In the case of Sudan, China has resisted sanctions to force its government to accept UN peacekeepers in its Darfur region despite the estimated 200,000 people killed and 2.5 million displaced since February 2003.
Now it is hoped that China might be able to persuade the Sudanese government to agree to an international peace-keeping force but no one is under the illusion that the Chinese will do so at the expense of their vast interests in Africa’s largest country.
Beijing buys 60 per cent of Sudan's oil output (which represents 8 per cent of its total oil imports) and is involved in major infrastructural projects such as the US$ 1.8 billion Merowe hydroelectric complex,
Sino-Sudanese cooperation grew in the 1990s when Western companies froze investments after Sudan was accused of supporting terrorism and tolerating slavery.
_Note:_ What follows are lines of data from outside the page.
(* Consider the hierarchical Gaussian $K$-armed bandit and the algorithm HierTS described in the context, and let $\sigma_{0,\max} = \max_{i \in \mathcal{V}} \sigma_{0,i}$. Then the inequality $c\, \hat{\sigma}_{t,i}^{-2} \geq \hat{\sigma}_{t+1,i}^{-2}$ holds for every node $i \in \mathcal{V}$ and every round $t$ with $c = 1 + \sigma_{0,\max}^2/\sigma^2$. Moreover, if $\sigma \geq \sigma_{0,\max}$, it holds with $c = 2$.
   Context: Tree and model. Let $\mathcal{T}$ be a rooted tree with node set $\mathcal{V}$, root labeled $1$, in which every internal node has at least $2$ children. For a node $i \neq 1$, $\mathsf{pa}(i)$ is its parent; $\mathsf{ch}(i)$ is the set of children of $i$. The leaves form the action set $\mathcal{A}$, $|\mathcal{A}| = K$. Node parameters $\theta_{*, i} \in \mathbb{R}$ are generated as $\theta_{*, 1} \sim \mathcal{N}(\mu_1, \sigma_{0,1}^2)$ and, for $i \neq 1$, $\theta_{*, i} \mid \theta_{*, \mathsf{pa}(i)} \sim \mathcal{N}(\theta_{*, \mathsf{pa}(i)}, \sigma_{0,i}^2)$, with known $\mu_1$ and $\sigma_{0,i} > 0$. In each round $t$ the agent takes $A_t \in \mathcal{A}$ and observes $Y_t \sim \mathcal{N}(\theta_{*, A_t}, \sigma^2)$ (independent noise, known $\sigma > 0$). The history is $H_t = (A_\ell, Y_\ell)_{\ell < t}$. HierTS samples $\Theta_t$ exactly from the posterior of $(\theta_{*,i})_{i \in \mathcal{V}}$ given $H_t$ and takes $A_t = \arg\max_{a \in \mathcal{A}} \theta_{t,a}$. Conditional posterior variances. For a node $i \neq 1$, $\hat{\sigma}_{t,i}^2$ is the variance of $\theta_{*, i}$ conditioned on $H_t$ and on $\theta_{*, \mathsf{pa}(i)}$ (it does not depend on the parent's value); for the root, $\hat{\sigma}_{t,1}^2 = \mathrm{Var}(\theta_{*,1} \mid H_t)$. Explicitly, with $\mathcal{S}_{t,a} = \{\ell < t : A_\ell = a\}$: for an action node $a$, $\hat{\sigma}_{t,a}^{-2} = \sigma_{0,a}^{-2} + |\mathcal{S}_{t,a}| \sigma^{-2}$; for a non-action node $i$, $\hat{\sigma}_{t,i}^{-2} = \sigma_{0,i}^{-2} + \sum_{j \in \mathsf{ch}(i)} \tilde{\sigma}_{t,j}^{-2}$, where recursively $\tilde{\sigma}_{t,j}^{2} = \sigma_{0,j}^2 + \sigma^2/|\mathcal{S}_{t,j}|$ for an action node $j$ (with $\tilde{\sigma}_{t,j}^{-2} = 0$ if $|\mathcal{S}_{t,j}| = 0$) and $\tilde{\sigma}_{t,j}^{2} = \sigma_{0,j}^2 + \big(\sum_{k \in \mathsf{ch}(j)} \tilde{\sigma}_{t,k}^{-2}\big)^{-1}$ for a non-action node $j$. *)

theory Defs
  imports Complex_Main
begin

text \<open>Rooted trees whose nodes carry labels. Leaves are the actions.\<close>
datatype 'a htree = Leaf 'a | Node 'a "'a htree list"

fun label :: "'a htree \<Rightarrow> 'a" where
  "label (Leaf a) = a"
| "label (Node i ts) = i"

fun labels :: "'a htree \<Rightarrow> 'a list" where
  "labels (Leaf a) = [a]"
| "labels (Node i ts) = i # concat (map labels ts)"

fun leaf_labels :: "'a htree \<Rightarrow> 'a list" where
  "leaf_labels (Leaf a) = [a]"
| "leaf_labels (Node i ts) = concat (map leaf_labels ts)"

fun subtrees :: "'a htree \<Rightarrow> 'a htree list" where
  "subtrees (Leaf a) = [Leaf a]"
| "subtrees (Node i ts) = Node i ts # concat (map subtrees ts)"

fun branching :: "'a htree \<Rightarrow> bool" where
  "branching (Leaf a) = True"
| "branching (Node i ts) = (length ts \<ge> 2 \<and> (\<forall>s\<in>set ts. branching s))"

definition wf_htree :: "'a htree \<Rightarrow> bool" where
  "wf_htree T \<longleftrightarrow> distinct (labels T) \<and> branching T"

definition nodes :: "'a htree \<Rightarrow> 'a set" where
  "nodes T = set (labels T)"

definition actions :: "'a htree \<Rightarrow> 'a set" where
  "actions T = set (leaf_labels T)"

text \<open>The subtree rooted at node i (well defined for distinct labels).\<close>
definition subtree_at :: "'a htree \<Rightarrow> 'a \<Rightarrow> 'a htree" where
  "subtree_at T i = (THE s. s \<in> set (subtrees T) \<and> label s = i)"

definition pulls :: "(nat \<Rightarrow> 'a) \<Rightarrow> nat \<Rightarrow> 'a \<Rightarrow> nat" where
  "pulls Act t a = card {l. l < t \<and> Act l = a}"

text \<open>tilde sigma_{t,j}^{-2} for the subtree rooted at j (n = pull counts).
  Infinite variance (no data below j) is encoded as precision 0.\<close>
fun tilde_prec :: "('a \<Rightarrow> real) \<Rightarrow> real \<Rightarrow> ('a \<Rightarrow> nat) \<Rightarrow> 'a htree \<Rightarrow> real" where
  "tilde_prec s0 s n (Leaf a) =
     (if n a = 0 then 0 else 1 / ((s0 a)\<^sup>2 + s\<^sup>2 / real (n a)))"
| "tilde_prec s0 s n (Node j ts) =
     (let S = sum_list (map (tilde_prec s0 s n) ts) in
      if S = 0 then 0 else 1 / ((s0 j)\<^sup>2 + 1 / S))"

fun hat_prec :: "('a \<Rightarrow> real) \<Rightarrow> real \<Rightarrow> ('a \<Rightarrow> nat) \<Rightarrow> 'a htree \<Rightarrow> real" where
  "hat_prec s0 s n (Leaf a) = 1 / (s0 a)\<^sup>2 + real (n a) / s\<^sup>2"
| "hat_prec s0 s n (Node i ts) = 1 / (s0 i)\<^sup>2 + sum_list (map (tilde_prec s0 s n) ts)"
China has always promoted the notion of non interference in the internal affairs of other nations something that Sudanese President Omar al-Bashir happily noted in a press conference on November 28, 2006.
His government is accused of supporting Arab militias engaged in military operations against the civilian population in the Darfur region and using its air force to bomb their villages.
Chinese oil companies like China National Petroleum Corp have allowed Sudan to increase its oil output. China National's 41 per cent-owned Petrodar opened a 1,400- kilometre
(870-mile) pipeline last April to carry 200,000 barrels of crude a day from oil fields in the Melut Basin to Port Sudan on the Red Sea.
According to some experts, China is Sudan’s second largest arms supplier after Russia. But Beijing is also heavily involved in selling weapons to other countries.
Although it has about a thousand peace-keepers involved in UN operations around the world, it has, to date, sent more than 1,600 military delegations to more than 90 countries, of which 18 are in Africa, favouring bilateral, over multilateral, military diplomacy. Furthermore, it maintains legations in 146 countries and military-diplomatic stations in 103.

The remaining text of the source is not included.